Настя замерла, а потом сорвалась с места и побежала в прихожую. Вернулась она уже с маленькой красной бархатной коробочкой в руке.
— Вот, — она протянула Ане раскрытый футляр. — Костя перед отъездом подарил.
В коробочке было тонкое золотое кольцо с россыпью небольших прозрачных как слеза камней. Аня на мгновение даже задержала дыхание и тихо прошептала:
— Это настоящие?
— Бриллианты? — уточнила Настя, сверкая довольной улыбкой до ушей. — Конечно настоящие!
— Красиво, — сказала Аня тихо.
— Красиво, — повторила Настя, любуясь украшением.
— Родителям-то сказала? — поинтересовалась Аня у подруги, когда она, уже убрав кольцо, вернулась в комнату.
— Сказала, — кивнула Настя, отщипнув небольшую кисть винограда, и вновь повалилась на ковер. — Они так рады были.
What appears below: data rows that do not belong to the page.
(* Fix $C\neq1$ and fix $\epsilon\in(0,1)$, $\omega>0$ such that $\delta_0=\delta(C)-C\epsilon-\omega>0$ and $\delta_1=\delta(C)-2C\epsilon-\omega>0$. There is an integer $N$ such that: for all $n\ge N$, all $1\le i\ne j\le n$ and all integers $1\le r_1,r_2\le\epsilon n$, \[ \mathbb{P}\big(\{\#\mathcal{E}_i=r_1\}\cap\{\#\mathcal{E}_j=r_2\}\cap\{\mathcal{E}_i\neq\mathcal{E}_j\}\big)\le\frac1C\frac{T_{r_1}e^{-r_1}}{(r_1-1)!}e^{-\delta_1r_1}\cdot\frac1C\frac{T_{r_2}e^{-r_2}}{(r_2-1)!}e^{-\delta_1r_2}; \] and for all $n\ge N$, all $1\le i\ne j\le n$ and all integers $2\le r_1\le\epsilon n$, \[ \mathbb{P}\big(\{\#\mathcal{E}_i=r_1\}\cap\{\mathcal{E}_i=\mathcal{E}_j\}\big)\le2\epsilon\,\frac1C\frac{T_{r_1}e^{-r_1}}{(r_1-1)!}e^{-\delta_0r_1}. \]
   Context: Let $C>0$ be a constant and $(\alpha_n)_{n\ge1}$ a sequence of nonnegative reals with $\alpha_n\to0$. For each $n$, consider the complete graph $K_n$ on vertex set $\{1,\dots,n\}$; each edge $e$ of $K_n$ is independently open with probability $p_n(e)$ and closed otherwise, where $\frac{C-\alpha_n}{n}\le p_n(e)\le\frac{C+\alpha_n}{n}$ for every edge $e$. Let $G$ be the resulting random graph of open edges, with probability measure $\mathbb{P}$. For a vertex $i$, $\mathcal{E}_i$ denotes the open component of $G$ containing $i$ (the set of vertices joined to $i$ by a path of open edges, together with $i$ itself), and $\#\mathcal{E}_i$ its number of vertices. $\delta(C)=C-1-\log C$. $T_1=1$ and for $r\ge2$, $T_r$ is the number of labelled trees on $r$ vertices. *)

theory Defs
  imports Complex_Main
begin

definition Kedges :: "nat \<Rightarrow> nat set set" where
  "Kedges n = {{a, b} | a b. a \<in> {1..n} \<and> b \<in> {1..n} \<and> a \<noteq> b}"

definition config_prob :: "nat \<Rightarrow> (nat set \<Rightarrow> real) \<Rightarrow> nat set set \<Rightarrow> real" where
  "config_prob n p G = (\<Prod>e\<in>G. p e) * (\<Prod>e\<in>Kedges n - G. 1 - p e)"

definition Prob :: "nat \<Rightarrow> (nat set \<Rightarrow> real) \<Rightarrow> (nat set set \<Rightarrow> bool) \<Rightarrow> real" where
  "Prob n p P = (\<Sum>G\<in>{G. G \<subseteq> Kedges n \<and> P G}. config_prob n p G)"

definition comp :: "nat set set \<Rightarrow> nat \<Rightarrow> nat set" where
  "comp G i = ({(a, b). {a, b} \<in> G})\<^sup>* `` {i}"

definition delta :: "real \<Rightarrow> real" where
  "delta C = C - 1 - ln C"

definition connected_on :: "nat \<Rightarrow> nat set set \<Rightarrow> bool" where
  "connected_on r F = (\<forall>a\<in>{1..r}. \<forall>b\<in>{1..r}. (a, b) \<in> ({(x, y). {x, y} \<in> F})\<^sup>*)"

definition is_tree :: "nat \<Rightarrow> nat set set \<Rightarrow> bool" where
  "is_tree r F = (F \<subseteq> Kedges r \<and> connected_on r F \<and>
                  (\<forall>e\<in>F. \<not> connected_on r (F - {e})))"

definition T :: "nat \<Rightarrow> nat" where
  "T r = (if r = 1 then 1 else card {F. is_tree r F})"

end

theory Submission
  imports Defs
begin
Мама сказала, что это хорошо, мол, мужчина из города и все такое. Думают почему-то, что я из-за денег и прописки за него замуж пойду, — Настя улыбнулась как-то печально. — Никак не хотят в толк взять, что люблю его. Безумно. А мама все заладила: «Город — это хорошо! Работать не будешь, ребенка родишь — в садик хороший его устроишь, потом школа и квартиру ему купите!» — фыркнула она. — Не понимает меня совсем. Я вроде и говорю, что люблю его, а она так лукаво: «Ну конечно любишь!». А вот и люблю! — воскликнула Настя на всю квартиру.
— И я вот… — пробормотала задумчиво Аня, но Настя ее не расслышала — оно и к лучшему — Аня пока и сама не была уверена. — Слушай, — протянула она через минуту, — а мне Дима сказал, что у Кости собака есть!
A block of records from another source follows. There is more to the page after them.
lemma overlap_joint_le_marginal:
  assumes I: "I \<subseteq> {..<n}"
  shows "overlap (cube n) (distr_unif (cube m) (joint n P)) (ber_prod n p)
       \<le> overlap (bool_vecs I) (distr_unif (cube m) (\<lambda>x. bool_restrict I (\<lambda>i. P i x)))
           (\<lambda>y. \<Prod>i\<in>I. ber p (y i))"
proof -
  have fI: "finite I" using I finite_subset by blast
  let ?fiber = "\<lambda>y. {z\<in>cube n. bool_restrict I z = y}"
  have "overlap (cube n) (distr_unif (cube m) (joint n P)) (ber_prod n p)
      \<le> (\<Sum>y\<in>bool_vecs I. min (\<Sum>z\<in>?fiber y. distr_unif (cube m) (joint n P) z)
                                (\<Sum>z\<in>?fiber y. ber_prod n p z))"
    using fI by (intro overlap_le_overlap_fibers) auto
  also have "\<dots> = overlap (bool_vecs I) (distr_unif (cube m) (\<lambda>x. bool_restrict I (\<lambda>i. P i x)))
                    (\<lambda>y. \<Prod>i\<in>I. ber p (y i))"
    unfolding overlap_def
  proof (intro sum.cong refl)
    fix y assume y: "y \<in> bool_vecs I"
    have "(\<Sum>z\<in>?fiber y. distr_unif (cube m) (joint n P) z)
        = distr_unif (cube m) (\<lambda>x. bool_restrict I (joint n P x)) y"
      by (rule distr_unif_comp[symmetric]) auto
    also have "(\<lambda>x. bool_restrict I (joint n P x)) = (\<lambda>x. bool_restrict I (\<lambda>i. P i x))"
      using I by (auto simp: bool_restrict_def joint_def fun_eq_iff)
    finally have "(\<Sum>z\<in>?fiber y. distr_unif (cube m) (joint n P) z)
        = distr_unif (cube m) (\<lambda>x. bool_restrict I (\<lambda>i. P i x)) y" .
    moreover have "(\<Sum>z\<in>?fiber y. ber_prod n p z) = (\<Prod>i\<in>I. ber p (y i))"
      using sum_bool_vecs_restrict_prod[of "{..<n}" I y "\<lambda>_. ber p"] I y
      by (simp add: ber_prod_def cube_eq_bool_vecs ber_def)
    ultimately show "min (\<Sum>z\<in>?fiber y. distr_unif (cube m) (joint n P) z) (\<Sum>z\<in>?fiber y. ber_prod n p z)
        = min (distr_unif (cube m) (\<lambda>x. bool_restrict I (\<lambda>i. P i x)) y) (\<Prod>i\<in>I. ber p (y i))"
      by simp
  qed
  finally show ?thesis .
qed

lemma distr_unif_cube_eq_sum_cells:
  assumes W: "finite W"
  shows "distr_unif (cube m) f y
       = (\<Sum>b\<in>bool_vecs W. card (cell m a W b) / card (cube m) * distr_unif (cell m a W b) f y)"
proof -
  let ?forms = "\<lambda>x. bool_restrict W (\<lambda>p. dot (a p) x)"
  have "real (card {x\<in>cube m. f x = y})
      = (\<Sum>b\<in>bool_vecs W. real (card {x\<in>{x\<in>cube m. f x = y}. ?forms x = b}))"
    using sum.group[of "{x\<in>cube m. f x = y}" "bool_vecs W" ?forms "\<lambda>_. 1 :: real"] W
    by (simp add: image_subset_iff)
  also have "\<dots> = (\<Sum>b\<in>bool_vecs W. real (card {x\<in>cell m a W b. f x = y}))"
  proof (intro sum.cong refl arg_cong[where f = "\<lambda>X. real (card X)"])
    fix b assume "b \<in> bool_vecs W"
    then show "{x\<in>{x\<in>cube m. f x = y}. ?forms x = b} = {x\<in>cell m a W b. f x = y}"
      unfolding cell_def by (auto simp: bool_restrict_eq_iff)
  qed
  also have "\<dots> = (\<Sum>b\<in>bool_vecs W. real (card (cell m a W b)) * distr_unif (cell m a W b) f y)"
    unfolding distr_unif_def by (intro sum.cong refl) (auto simp: card_gt_0_iff)
  finally show ?thesis
    unfolding distr_unif_def[of "cube m"] by (simp add: sum_divide_distrib)
qed

lemma bhattacharyya_cell_joint_le:
  assumes W: "finite W" and I: "finite I" and C: "\<And>i. i \<in> I \<Longrightarrow> finite (C i)"
    and disj: "disjoint_family_on C I" and ind: "indep_mod m a W (\<Union>i\<in>I. C i)"
    and P: "\<And>i. i \<in> I \<Longrightarrow> determined_by m a (W \<union> C i) (P i)"
    and p: "0 \<le> p" "p \<le> 1" and \<rho>: "0 \<le> \<rho>"
    and bound: "\<And>i. i \<in> I \<Longrightarrow> cell m a W b \<noteq> {}
                  \<Longrightarrow> bhattacharyya UNIV (distr_unif (cell m a W b) (P i)) (ber p) \<le> \<rho>"
  shows "bhattacharyya (bool_vecs I) (distr_unif (cell m a W b) (\<lambda>x. bool_restrict I (\<lambda>i. P i x)))
           (\<lambda>y. \<Prod>i\<in>I. ber p (y i)) \<le> \<rho> ^ card I"
proof (cases "cell m a W b = {}")
  case True
  then show ?thesis using \<rho> by (simp add: bhattacharyya_def distr_unif_def)
next
  case False
  have "bhattacharyya (bool_vecs I) (distr_unif (cell m a W b) (\<lambda>x. bool_restrict I (\<lambda>i. P i x)))
          (\<lambda>y. \<Prod>i\<in>I. ber p (y i))
      = bhattacharyya (bool_vecs I) (\<lambda>y. \<Prod>i\<in>I. distr_unif (cell m a W b) (P i) (y i))
          (\<lambda>y. \<Prod>i\<in>I. ber p (y i))"
    unfolding bhattacharyya_def
    by (intro sum.cong refl) (simp add: distr_unif_cell_joint[OF W I C disj ind P False])
  also have "\<dots> = (\<Prod>i\<in>I. bhattacharyya UNIV (distr_unif (cell m a W b) (P i)) (ber p))"
    by (rule bhattacharyya_bool_vecs_prod[OF I])
  also have "\<dots> \<le> (\<Prod>i\<in>I. \<rho>)"
    using bound False p by (intro prod_mono) (auto simp: bhattacharyya_def ber_def intro!: sum_nonneg)
  finally show ?thesis by simp
qed

lemma overlap_joint_le:
  fixes a :: "'p \<Rightarrow> nat \<Rightarrow> bool" and C :: "nat \<Rightarrow> 'p set"
  assumes p: "0 \<le> p" "p \<le> 1" and I: "I \<subseteq> {..<n}" and W: "finite W"
    and C: "\<And>i. i \<in> I \<Longrightarrow> finite (C i)" and disj: "disjoint_family_on C I"
    and ind: "indep_mod m a W (\<Union>i\<in>I. C i)"
    and P: "\<And>i. i \<in> I \<Longrightarrow> determined_by m a (W \<union> C i) (P i)"
    and \<rho>: "0 \<le> \<rho>"
    and bound: "\<And>i b. i \<in> I \<Longrightarrow> cell m a W b \<noteq> {}
                  \<Longrightarrow> bhattacharyya UNIV (distr_unif (cell m a W b) (P i)) (ber p) \<le> \<rho>"
  shows "overlap (cube n) (distr_unif (cube m) (joint n P)) (ber_prod n p) \<le> 2 ^ card W * \<rho> ^ card I"
proof -
  have fI: "finite I" using I finite_subset by blast
  let ?J = "\<lambda>x. bool_restrict I (\<lambda>i. P i x)" and ?Q = "\<lambda>y. \<Prod>i\<in>I. ber p (y i)"
  let ?w = "\<lambda>b. card (cell m a W b) / card (cube m)" and ?D = "\<lambda>b. distr_unif (cell m a W b) ?J"
  have Q: "0 \<le> ?Q y" for y using p by (auto intro: prod_nonneg simp: ber_def)
  have w: "0 \<le> ?w b" "?w b \<le> 1" for b
    by (simp_all add: card_mono cell_subset_cube divide_le_eq_1 card_gt_0_iff)
  have "overlap (cube n) (distr_unif (cube m) (joint n P)) (ber_prod n p)
      \<le> overlap (bool_vecs I) (distr_unif (cube m) ?J) ?Q"
    by (rule overlap_joint_le_marginal[OF I])
  also have "\<dots> = (\<Sum>y\<in>bool_vecs I. min (\<Sum>b\<in>bool_vecs W. ?w b * ?D b y) (?Q y))"
    unfolding overlap_def by (simp only: distr_unif_cube_eq_sum_cells[OF W, of m ?J _ a])
  also have "\<dots> \<le> (\<Sum>y\<in>bool_vecs I. \<Sum>b\<in>bool_vecs W. sqrt (?w b * ?D b y * ?Q y))"
    using W w Q by (intro sum_mono min_sum_le_sum_sqrt) auto
  also have "\<dots> = (\<Sum>y\<in>bool_vecs I. \<Sum>b\<in>bool_vecs W. sqrt (?w b) * sqrt (?D b y * ?Q y))"
    by (intro sum.cong refl) (simp add: real_sqrt_mult real_sqrt_divide mult.assoc)
  also have "\<dots> = (\<Sum>b\<in>bool_vecs W. sqrt (?w b) * bhattacharyya (bool_vecs I) (?D b) ?Q)"
    unfolding bhattacharyya_def sum_distrib_left by (rule sum.swap)
  also have "\<dots> \<le> (\<Sum>b\<in>bool_vecs W. 1 * \<rho> ^ card I)"
  proof (rule sum_mono)
    fix b
    have "0 \<le> bhattacharyya (bool_vecs I) (?D b) ?Q"
      unfolding bhattacharyya_def using Q by (intro sum_nonneg) simp
    moreover have "bhattacharyya (bool_vecs I) (?D b) ?Q \<le> \<rho> ^ card I"
      using W fI C disj ind P p \<rho> bound by (intro bhattacharyya_cell_joint_le) auto
    moreover have "sqrt (?w b) \<le> 1" using w by simp
    ultimately show "sqrt (?w b) * bhattacharyya (bool_vecs I) (?D b) ?Q \<le> 1 * \<rho> ^ card I"
      by (intro mult_mono) auto
  qed
  also have "\<dots> = 2 ^ card W * \<rho> ^ card I"
    using card_bool_vecs[OF W] by simp
  finally show ?thesis .
qed

section \<open>The iteration\<close>

lemma two_power_mult_powr_power: "(2::real) ^ w * (2 powr s) ^ t = 2 powr (real w + real t * s)"
  by (simp add: powr_power powr_add powr_realpow)

lemma exists_maximal_subset:
  assumes A: "finite A" and Q: "Q {}"
  shows "\<exists>I\<subseteq>A. Q I \<and> (\<forall>j\<in>A - I. \<not> Q (insert j I))"
proof -
  obtain I where I: "I \<subseteq> A" "Q I" and max: "\<And>J. J \<subseteq> A \<Longrightarrow> Q J \<Longrightarrow> card J \<le> card I"
    using ex_has_greatest_nat[of "\<lambda>I. I \<subseteq> A \<and> Q I" "{}" card "Suc (card A)"] A Q
    by (metis card_mono empty_subsetI le_imp_less_Suc)
  have "\<not> Q (insert j I)" if "j \<in> A - I" for j
    using max[of "insert j I"] that I A by (auto dest: finite_subset)
  then show ?thesis using I by blast
qed

text \<open>\<open>stage_rate \<delta> k\<close> is the exponent obtained when every function still depends on at most
  \<open>k\<close> free forms. The value \<open>1/18\<close> at \<open>k = 0\<close> comes from functions constant on cells; the factor
  \<open>\<delta>\<^sup>2 / (3 k)\<close> is what lets both cases of the induction step close.\<close>

definition stage_rate :: "real \<Rightarrow> nat \<Rightarrow> real" where
  "stage_rate \<delta> k = (\<delta>\<^sup>2 / 3) ^ k / (18 * fact k)"

lemma stage_rate_nonneg: "0 \<le> stage_rate \<delta> k"
  by (simp add: stage_rate_def)

lemma stage_rate_Suc: "stage_rate \<delta> (Suc k) = stage_rate \<delta> k * \<delta>\<^sup>2 / (3 * real (Suc k))"
  by (simp add: stage_rate_def field_simps)

lemma stage_rate_step:
  assumes "\<delta> \<noteq> 0" "\<delta>\<^sup>2 \<le> 1"
  shows "real (Suc k) * (2 * stage_rate \<delta> (Suc k) / \<delta>\<^sup>2) \<le> stage_rate \<delta> k - stage_rate \<delta> (Suc k)"
proof -
  have eq: "real (Suc k) * (2 * stage_rate \<delta> (Suc k) / \<delta>\<^sup>2) = 2/3 * stage_rate \<delta> k"
  proof -
    have cancel: "s * (2 * (R * e / (3 * s)) / e) = 2/3 * R" if "s \<noteq> 0" "e \<noteq> 0" for s e R :: real
      using that by (simp add: field_simps)
    have "real (Suc k) \<noteq> 0" "\<delta>\<^sup>2 \<noteq> 0" using assms(1) by simp_all
    then show ?thesis unfolding stage_rate_Suc by (rule cancel)
  qed
  have "stage_rate \<delta> (Suc k) \<le> stage_rate \<delta> k * (1/3)"
  proof -
    have "\<delta>\<^sup>2 \<le> real (Suc k)" using assms(2) by simp
    then have "\<delta>\<^sup>2 / (3 * real (Suc k)) \<le> 1/3" by (simp add: field_simps)
    then show ?thesis
      unfolding stage_rate_Suc times_divide_eq_right[symmetric]
      using stage_rate_nonneg by (rule mult_left_mono)
  qed
  then show ?thesis unfolding eq by linarith
qed

lemma stage_rate_ge:
  assumes "1 \<le> r"
  shows "(1/54) ^ r * \<delta> ^ (2 * r) / fact r \<le> stage_rate \<delta> r"
proof -
  have "(3::real) ^ r * 18 \<le> 3 ^ r * 18 ^ r"
    using assms by (simp add: self_le_power)
  also have "\<dots> = 54 ^ r" by (simp flip: power_mult_distrib)
  finally have "3 ^ r * 18 * fact r \<le> (54::real) ^ r * fact r" by simp
  then have "(\<delta>\<^sup>2) ^ r / (54 ^ r * fact r) \<le> (\<delta>\<^sup>2) ^ r / (3 ^ r * 18 * fact r)"
    by (intro divide_left_mono) simp_all
  moreover have "(1/54) ^ r * \<delta> ^ (2 * r) / fact r = (\<delta>\<^sup>2) ^ r / (54 ^ r * fact r)"
    by (simp add: power_mult power_one_over)
  moreover have "stage_rate \<delta> r = (\<delta>\<^sup>2) ^ r / (3 ^ r * 18 * fact r)"
    by (simp add: stage_rate_def power_divide)
  ultimately show ?thesis by simp
qed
— Ага! — закивала Настя, приподнимаясь и садясь спиной к дивану. — Риччи зовут. Здоровенная! Но добрая очень и, знаешь, будто все понимает. Я даже разговариваю с ней иногда.
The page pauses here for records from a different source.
lemma selfadjoint_nonpos_form_kernel:
  fixes R :: "'a::real_vector \<Rightarrow> 'a" and g :: "'a \<Rightarrow> 'a \<Rightarrow> real"
  assumes "linear R" "bilinear g" "subspace S" "R ` S \<subseteq> S"
    and selfadjoint: "\<And>x y. x \<in> S \<Longrightarrow> y \<in> S \<Longrightarrow> g x (R y) = g (R x) y"
    and pos: "\<And>x. x \<in> S \<Longrightarrow> x \<noteq> 0 \<Longrightarrow> g x x > 0"
    and nonpos: "\<And>u. u \<in> S \<Longrightarrow> g (R u) u \<le> 0"
    and "v \<in> S" "g (R v) v = 0"
  shows "R v = 0"
proof -
  define w where "w = R v"
  have "w \<in> S"
    using assms(4,8) by (auto simp: w_def)
  have "g (R (v + t *\<^sub>R w)) (v + t *\<^sub>R w) = 2 * t * g w w + t\<^sup>2 * g (R w) w" for t
  proof -
    have "g (R w) v = g w w"
      using selfadjoint[OF \<open>w \<in> S\<close> \<open>v \<in> S\<close>] by (simp add: w_def)
    then show ?thesis
      using assms(9) \<open>linear R\<close> \<open>bilinear g\<close>
      by (simp add: linear_add linear_scale bilinear_ladd bilinear_radd bilinear_lmul
          bilinear_rmul power2_eq_square algebra_simps flip: w_def)
  qed
  moreover have "v + t *\<^sub>R w \<in> S" for t
    using assms(3,8) \<open>w \<in> S\<close> by (simp add: subspace_add subspace_scale)
  ultimately have "2 * t * g w w + t\<^sup>2 * g (R w) w \<le> 0" for t
    using nonpos by metis
  then have "g w w \<le> 0"
    by (rule nonpos_if_quadratic_nonpos)
  then show ?thesis
    using pos \<open>w \<in> S\<close> by (force simp: w_def)
qed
— А Костя не говорил, почему решил собаку завести? — начала Аня издалека.
Настя покачала головой, явно не подозревая, к чему клонит Трофимова.
— Слушай, я вот не знаю, говорила ли ты с Костей об этом, но… — Аня запнулась, не зная, как продолжить. — В общем, мне Дима сказал, что они с Костей в Афганистане служили. Вы не говорили об этом?
— Нет, — покачала головой Настя. — Я как-то не спрашивала, да и он сам не говорил. А что такое?
— Нет-нет, ничего, — улыбнулась Аня, отводя взгляд и начиная перекатывать между пальцами большую виноградину.
Конечно ей хотелось знать, откуда у Димы были такие ужасные шрамы и ожоги на груди. Аня сразу догадалось, что это осталось с войны, как только Дима сказал, что звезда исламская, но своими разговорами, расспросами и догадками совсем не хотелось портить настроение веселой и счастливой подруги. К тому же, Ане надо было услышать правду от Димы, а не строить нелепые предположения, но и спрашивать напрямую ей не хотелось — она ждала, что Дима сам с ней поделится, если пожелает.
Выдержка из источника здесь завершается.